When you are looking for a new house you have to be extremely careful on every stage and step. It is not easy to buy a house as it sounds. I remember the hundreds of things I had to deal with when I moved to a new and bigger (current) house with my family. It is not easy to manage the selling process of old house and buying of new one altogether. Of course, while living in your current house, you can’t sell it to pay the down payment of the new house. The option I used in this particular scenario was Bridging loan and here I would like to share what I learned about this process and what you all should know about it.
Almost every homeowner will be in this situation if they are looking to settle in a new house.
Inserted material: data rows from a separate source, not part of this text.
text \<open>
  Everything is phrased through the convexity gap
  \<open>(1 - t) f x + t f y - f ((1 - t) x + t y)\<close>, which is linear in \<open>f\<close>.
  The kernel inequality \<open>d \<ge> \<parallel>\<cdot>\<parallel>\<^sup>2/2\<close> bounds the gap of each kernel below by
  \<open>t (1 - t) \<parallel>x - y\<parallel>\<^sup>2/2\<close>, and relative smoothness bounds the gap of \<open>h\<close> by \<open>L\<close> times
  the gap of \<open>\<phi>\<^sub>p\<close>: first at interior points, where both follow from the tangent
  inequalities at the convex combination, then on the whole domain by continuity.
  The coupling \<open>\<langle>z, A x\<rangle>\<close> is bilinear, so its gap is exactly
  \<open>t (1 - t) \<langle>z - z', A (x - x')\<rangle> \<ge> -t (1 - t) \<parallel>A\<parallel> a b\<close> with
  \<open>a = \<parallel>x - x'\<parallel>\<^sub>p\<close>, \<open>b = \<parallel>z - z'\<parallel>\<^sub>d\<close>. Hence the gap of \<open>\<phi>\<^sub>\<plusminus> - h\<close> is at least
  \<open>t (1 - t)/2\<close> times the quadratic form \<open>(1/\<tau> - L) a\<^sup>2 - 2 \<parallel>A\<parallel> a b + b\<^sup>2/\<sigma>\<close>, which is
  positive semidefinite exactly when \<open>\<sigma> \<tau> \<parallel>A\<parallel>\<^sup>2 + \<tau> L \<le> 1\<close>. Under strict inequality a
  multiple of \<open>a\<^sup>2 + b\<^sup>2\<close> can be split off, and equivalence of norms in finite dimension
  turns it into a multiple of the Euclidean \<open>\<parallel>(x, z) - (x', z')\<parallel>\<^sup>2\<close>.
\<close>

definition convexity_gap :: "('a::real_vector \<Rightarrow> real) \<Rightarrow> 'a \<Rightarrow> 'a \<Rightarrow> real \<Rightarrow> real" where
  "convexity_gap f x y t = (1 - t) * f x + t * f y - f ((1 - t) *\<^sub>R x + t *\<^sub>R y)"

lemma convex_onI_convexity_gap:
  assumes "convex S"
    and "\<And>x y t. x \<in> S \<Longrightarrow> y \<in> S \<Longrightarrow> 0 < t \<Longrightarrow> t < 1 \<Longrightarrow> 0 \<le> convexity_gap f x y t"
  shows "convex_on S f"
  using assms by (intro convex_onI) (auto simp: convexity_gap_def)

lemma convexity_gap_norm_sq:
  fixes x y :: "'a::real_inner"
  shows "convexity_gap (\<lambda>w. (norm w)\<^sup>2) x y t = t * (1 - t) * (norm (x - y))\<^sup>2"
  unfolding convexity_gap_def power2_norm_eq_inner
  by (simp add: inner_commute algebra_simps power2_eq_square)

lemma convexity_gap_bilinear:
  assumes "bilinear c"
  shows "convexity_gap (\<lambda>(x, z). c x z) (x1, z1) (x2, z2) t = t * (1 - t) * c (x1 - x2) (z1 - z2)"
  using assms
  by (simp add: convexity_gap_def bilinear_ladd bilinear_radd bilinear_lmul bilinear_rmul
      bilinear_lsub bilinear_rsub algebra_simps)

lemma convexity_gap_ge_of_tangent_bounds:
  fixes G :: "'a::real_inner"
  assumes t: "0 \<le> t" "t \<le> 1" and w: "w = (1 - t) *\<^sub>R x + t *\<^sub>R y"
    and x: "F w + G \<bullet> (x - w) + a * t\<^sup>2 \<le> F x"
    and y: "F w + G \<bullet> (y - w) + a * (1 - t)\<^sup>2 \<le> F y"
  shows "t * (1 - t) * a \<le> convexity_gap F x y t"
proof -
  have "(1 - t) *\<^sub>R (x - w) + t *\<^sub>R (y - w) = 0"
    unfolding w by (simp add: algebra_simps)
  then have tangent_cancels: "(1 - t) * (G \<bullet> (x - w)) + t * (G \<bullet> (y - w)) = 0"
    by (metis inner_add_right inner_scaleR_right inner_zero_right)
  have "(1 - t) * (F w + G \<bullet> (x - w) + a * t\<^sup>2) \<le> (1 - t) * F x"
    using x t by (intro mult_left_mono) auto
  moreover have "t * (F w + G \<bullet> (y - w) + a * (1 - t)\<^sup>2) \<le> t * F y"
    using y t by (intro mult_left_mono) auto
  ultimately show ?thesis
    using tangent_cancels unfolding convexity_gap_def w[symmetric]
    by (simp add: algebra_simps power2_eq_square)
qed
(* Let $|\psi_{{\sf A}{\sf B}}\rangle\in\mathbb C^{d_{\sf A}}\otimes\mathbb C^{d_{\sf B}}$ be a unit vector and $\bar\omega_{\sf A}=\mathrm{tr}_{\sf B}\big(S_{\sf B}|\psi_{{\sf A}{\sf B}}\rangle\langle\psi_{{\sf A}{\sf B}}|^{\otimes2}\big)+\frac{S_{\sf A}}{\mathrm{tr}S_{\sf A}}\,\mathrm{tr}\big(A_{\sf A}A_{\sf B}|\psi_{{\sf A}{\sf B}}\rangle\langle\psi_{{\sf A}{\sf B}}|^{\otimes2}\big)$. Then $\bar\omega_{\sf A}$ belongs to the convex hull of $\{|\phi\rangle\langle\phi|^{\otimes2}:\phi\in\mathbb C^{d_{\sf A}},\ \|\phi\|=1\}$.
   Context: $|\psi_{{\sf A}{\sf B}}\rangle^{\otimes2}$ is regarded as a vector in $\mathbb C^{d_{\sf A}}_1\otimes\mathbb C^{d_{\sf B}}_2\otimes\mathbb C^{d_{\sf A}}_3\otimes\mathbb C^{d_{\sf B}}_4$; $\mathrm{tr}_{\sf B}$ is the partial trace over factors $2,4$. $S_{\sf A}$, $A_{\sf A}$ are the projectors onto the symmetric and antisymmetric subspaces of $\mathbb C^{d_{\sf A}}_1\otimes\mathbb C^{d_{\sf A}}_3$; $S_{\sf B}$, $A_{\sf B}$ those of $\mathbb C^{d_{\sf B}}_2\otimes\mathbb C^{d_{\sf B}}_4$ (extended by identities where needed). *)

theory Defs
  imports "HOL-Analysis.Analysis"
begin

text \<open>Vectors in C^dA (x) C^dB are elements of complex ^ ('a * 'b), with finite index
types 'a (basis of C^dA) and 'b (basis of C^dB).  Operators on C^dA (x) C^dA
(factors 1,3) are matrices complex ^ ('a * 'a) ^ ('a * 'a); the entry
M $ (i,k) $ (i',k') is the matrix element <i k| M |i' k'>.\<close>

definition sym_proj :: "('x \<times> 'x) \<Rightarrow> ('x \<times> 'x) \<Rightarrow> complex" where
  "sym_proj r c = ((if r = c then 1 else 0) + (if r = (snd c, fst c) then 1 else 0)) / 2"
The bridging finance means that the homeowner is able to take the loan to pay the down payment of the new house and close the deal while still living in their old house. The loan amount is then paid back when the old house is sold.
The maximum period you can get the loan for is 2 years. The good thing about bridging loan is that you don’t have to start paying back the loan for some months. For example, some lenders will allow you to start your payments 6 months after getting the loan. Some loans are paid off in full as soon as your old house is sold. The most important question here is where to start from. The process starts from the application that needs to be filled by the applicant and submitted to the lender.
With the availability of internet today, you can find hundreds of lending companies with their online forms on their websites. All you need to do is fill out the form and submit it online to get approved. You are mostly informed within a day after completing and submitting your application. In most cases, you are given a call from the company representative who tells you about your approval or rejection for the bridging finance. The application might take just half an hour of your time.
The important thing here is to know the requirements for getting approved. You will not be approved in almost all cases where you don’t have a current job. Also, you must be over the age of 18 in order to apply for such a loan. There are all types of companies, i.e. those providing you unsecured loan and those providing secured loans. When you take loan against the equity of your property, the loan is given only to make the down payment of your new house. You are not able to pay the current mortgage amount with this loan.